Sumenep, Serikatnasional.id – RSUD dr. H. Moh. Anwar Sumenep mengambil langkah progresif yang patut diapresiasi publik di tengah meningkatnya tuntutan terhadap pelayanan kesehatan yang transparan dan berkeadilan.

Rumah sakit milik Pemerintah Kabupaten Sumenep tersebut secara resmi menetapkan kebijakan kompensasi layanan bagi pasien yang menerima pelayanan tidak sesuai standar. Kebijakan ini dinilai sebagai terobosan langka, bahkan disebut sebagai salah satu yang pertama di Indonesia.

Kebijakan strategis itu tertuang dalam Surat Keputusan Direktur RSUD dr. H. Moh. Anwar Sumenep, yang tidak hanya mengatur mekanisme pemberian kompensasi kepada pasien, tetapi juga memuat sanksi serta evaluasi bagi tenaga layanan yang terbukti melanggar standar operasional prosedur (SOP).

Langkah ini menjadi penegasan bahwa rumah sakit memilih bersikap terbuka dan bertanggung jawab, bukan menutup diri dari kritik.

Skema kompensasi diberikan kepada pasien yang memenuhi kriteria tertentu sebagaimana tercantum dalam lampiran keputusan. Bentuknya beragam, mulai dari permohonan maaf resmi, penjelasan layanan secara transparan, prioritas pelayanan lanjutan, hingga bentuk kompensasi lain yang disesuaikan dengan jenis dan tingkat pelanggaran—baik dari sisi prosedur, waktu pelayanan, maupun biaya.

Direktur RSUD dr. H. Moh. Anwar Sumenep, Erliyati, M.Kes, menegaskan bahwa kebijakan ini bukan sekadar formalitas administratif, melainkan wujud tanggung jawab moral dan profesional institusi kepada masyarakat.

“Kebijakan kompensasi ini kami tetapkan sebagai bentuk tanggung jawab rumah sakit kepada masyarakat.

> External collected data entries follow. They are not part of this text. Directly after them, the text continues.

lemma balanced_even_parity_split:
  assumes "finite V" "balanced V" "card V = 2 * k" "2 \<le> k"
  shows "\<exists>f. similarity f \<and> parity_split 1 (f ` V)"
proof -
  have "k - 1 < card V" "k < card V" "0 < card V" "2 * k - 1 < card V"
    using assms(3,4) by simp_all
  then obtain v1 v2 mn mx where v1: "v1 \<in> V" "rank_in V v1 = k - 1" and v2: "v2 \<in> V" "rank_in V v2 = k"
    and mn: "mn \<in> V" "rank_in V mn = 0" and mx: "mx \<in> V" "rank_in V mx = 2 * k - 1"
    by (metis obtain_rank_in assms(1))
  show ?thesis
  proof (cases "2 * v1 - mn = mx")
    case False
    then show ?thesis
      using balanced_even_parity_split_max_unreflected[OF assms v1 mn mx] by blast
  next
    case True
    \<comment> \<open>Reflecting V turns the upper median into the lower one and exchanges minimum and maximum.\<close>
    have "v1 < v2"
      using rank_in_less_iff[OF assms(1) v1(1) v2(1)] v1(2) v2(2) assms(4) by simp
    have "inj_on uminus V"
      by simp
    then have "card (uminus ` V) = 2 * k"
      using assms(3) by (simp add: card_image)
    moreover have "balanced (uminus ` V)"
      using balanced_affine_image[OF assms(2), of "- 1" 0] by simp
    moreover have "rank_in (uminus ` V) (- v) = 2 * k - 1 - rank_in V v" if "v \<in> V" for v
      using rank_in_uminus_image corank_in_eq[OF assms(1) that] assms(3) by simp
    moreover have "2 * (- v2) - (- mx) \<noteq> - mn"
      using True \<open>v1 < v2\<close> by linarith
    ultimately obtain f where "similarity f" "parity_split 1 (f ` uminus ` V)"
      using balanced_even_parity_split_max_unreflected[of "uminus ` V" k "- v2" "- mx" "- mn"] assms v2 mn mx
      by auto
    then show ?thesis
      using similarity_comp_uminus by (metis image_image)
  qed
qed

lemma balanced_iff_similar_parity_split:
  assumes "finite V" "3 \<le> card V"
  shows "balanced V \<longleftrightarrow> (\<exists>f. similarity f \<and> parity_split (if odd (card V) then 0 else 1) (f ` V))"
proof
  assume "balanced V"
  show "\<exists>f. similarity f \<and> parity_split (if odd (card V) then 0 else 1) (f ` V)"
  proof (cases "odd (card V)")
    case True
    then have "card V = 2 * (card V div 2) + 1" "1 \<le> card V div 2"
      using assms(2) by (simp_all add: odd_two_times_div_two_succ)
    then show ?thesis
      using balanced_odd_parity_split[OF assms(1) \<open>balanced V\<close>] True by presburger
  next
    case False
    then have "card V = 2 * (card V div 2)" "2 \<le> card V div 2"
      using assms(2) by presburger+
    then show ?thesis
      using balanced_even_parity_split[OF assms(1) \<open>balanced V\<close>] False by presburger
  qed
next
  assume "\<exists>f. similarity f \<and> parity_split (if odd (card V) then 0 else 1) (f ` V)"
  then obtain f where "similarity f" "balanced (f ` V)"
    using balanced_if_parity_split by (metis order.refl zero_le_one)
  then show "balanced V"
    using balanced_similarity_image_iff by blast
qed

theorem mainTheorem7:
  fixes V :: "real set" and n :: nat
  assumes "n \<ge> 3" and "finite V" and "card V = n"
  shows "optimal_AP 3 V \<longleftrightarrow>
    (\<exists>f E D. similarity f \<and> f ` V = E \<union> D \<and> E \<noteq> {} \<and> D \<noteq> {} \<and>
       consec_even E \<and> consec_odd D \<and>
       (if odd n then barycenter E = barycenter D
        else \<bar>barycenter E - barycenter D\<bar> = 1))"
proof -
  define \<delta> :: int where "\<delta> = (if odd n then 0 else 1)"
  have "(if odd n then barycenter E = barycenter D else \<bar>barycenter E - barycenter D\<bar> = 1) \<longleftrightarrow>
        \<bar>barycenter E - barycenter D\<bar> = of_int \<delta>" for E D
    by (simp add: \<delta>_def)
  then have "(\<exists>f E D. similarity f \<and> f ` V = E \<union> D \<and> E \<noteq> {} \<and> D \<noteq> {} \<and>
       consec_even E \<and> consec_odd D \<and>
       (if odd n then barycenter E = barycenter D else \<bar>barycenter E - barycenter D\<bar> = 1)) \<longleftrightarrow>
     (\<exists>f. similarity f \<and> parity_split \<delta> (f ` V))"
    unfolding parity_split_iff by presburger
  moreover have "optimal_AP 3 V \<longleftrightarrow> (\<exists>f. similarity f \<and> parity_split \<delta> (f ` V))"
    using optimal_AP_3_iff_balanced[OF assms(2)] balanced_iff_similar_parity_split[OF assms(2)] assms(1,3)
    unfolding \<delta>_def by simp
  ultimately show ?thesis
    by simp
qed

end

Ketika layanan tidak berjalan sesuai standar, rumah sakit wajib melakukan koreksi dan memberikan keadilan kepada pasien,” tegasnya. (15/4/2026).

Ia menambahkan, kebijakan tersebut juga menjadi instrumen evaluasi internal agar seluruh unit pelayanan bekerja lebih disiplin, profesional, dan patuh terhadap standar pelayanan yang telah ditetapkan.

“Kami ingin memastikan setiap pasien mendapatkan pelayanan yang aman, bermutu, dan manusiawi. Standar pelayanan bukan untuk dilanggar, tetapi untuk dijaga,” lanjutnya.

Dalam perspektif pelayanan publik, kebijakan ini dinilai sebagai langkah visioner. RSUD Sumenep tidak hanya berfokus pada pembangunan fasilitas dan penguatan teknologi medis, tetapi juga membangun budaya pelayanan yang transparan, akuntabel, dan berani bertanggung jawab atas setiap kekurangan.

Manajemen rumah sakit menegaskan, kebijakan ini juga menjadi pesan internal yang kuat bahwa setiap bentuk penyimpangan layanan memiliki konsekuensi nyata. Dengan demikian, budaya kerja di lingkungan rumah sakit diarahkan lebih berorientasi pada keselamatan pasien dan kualitas pelayanan, bukan sekadar rutinitas administratif.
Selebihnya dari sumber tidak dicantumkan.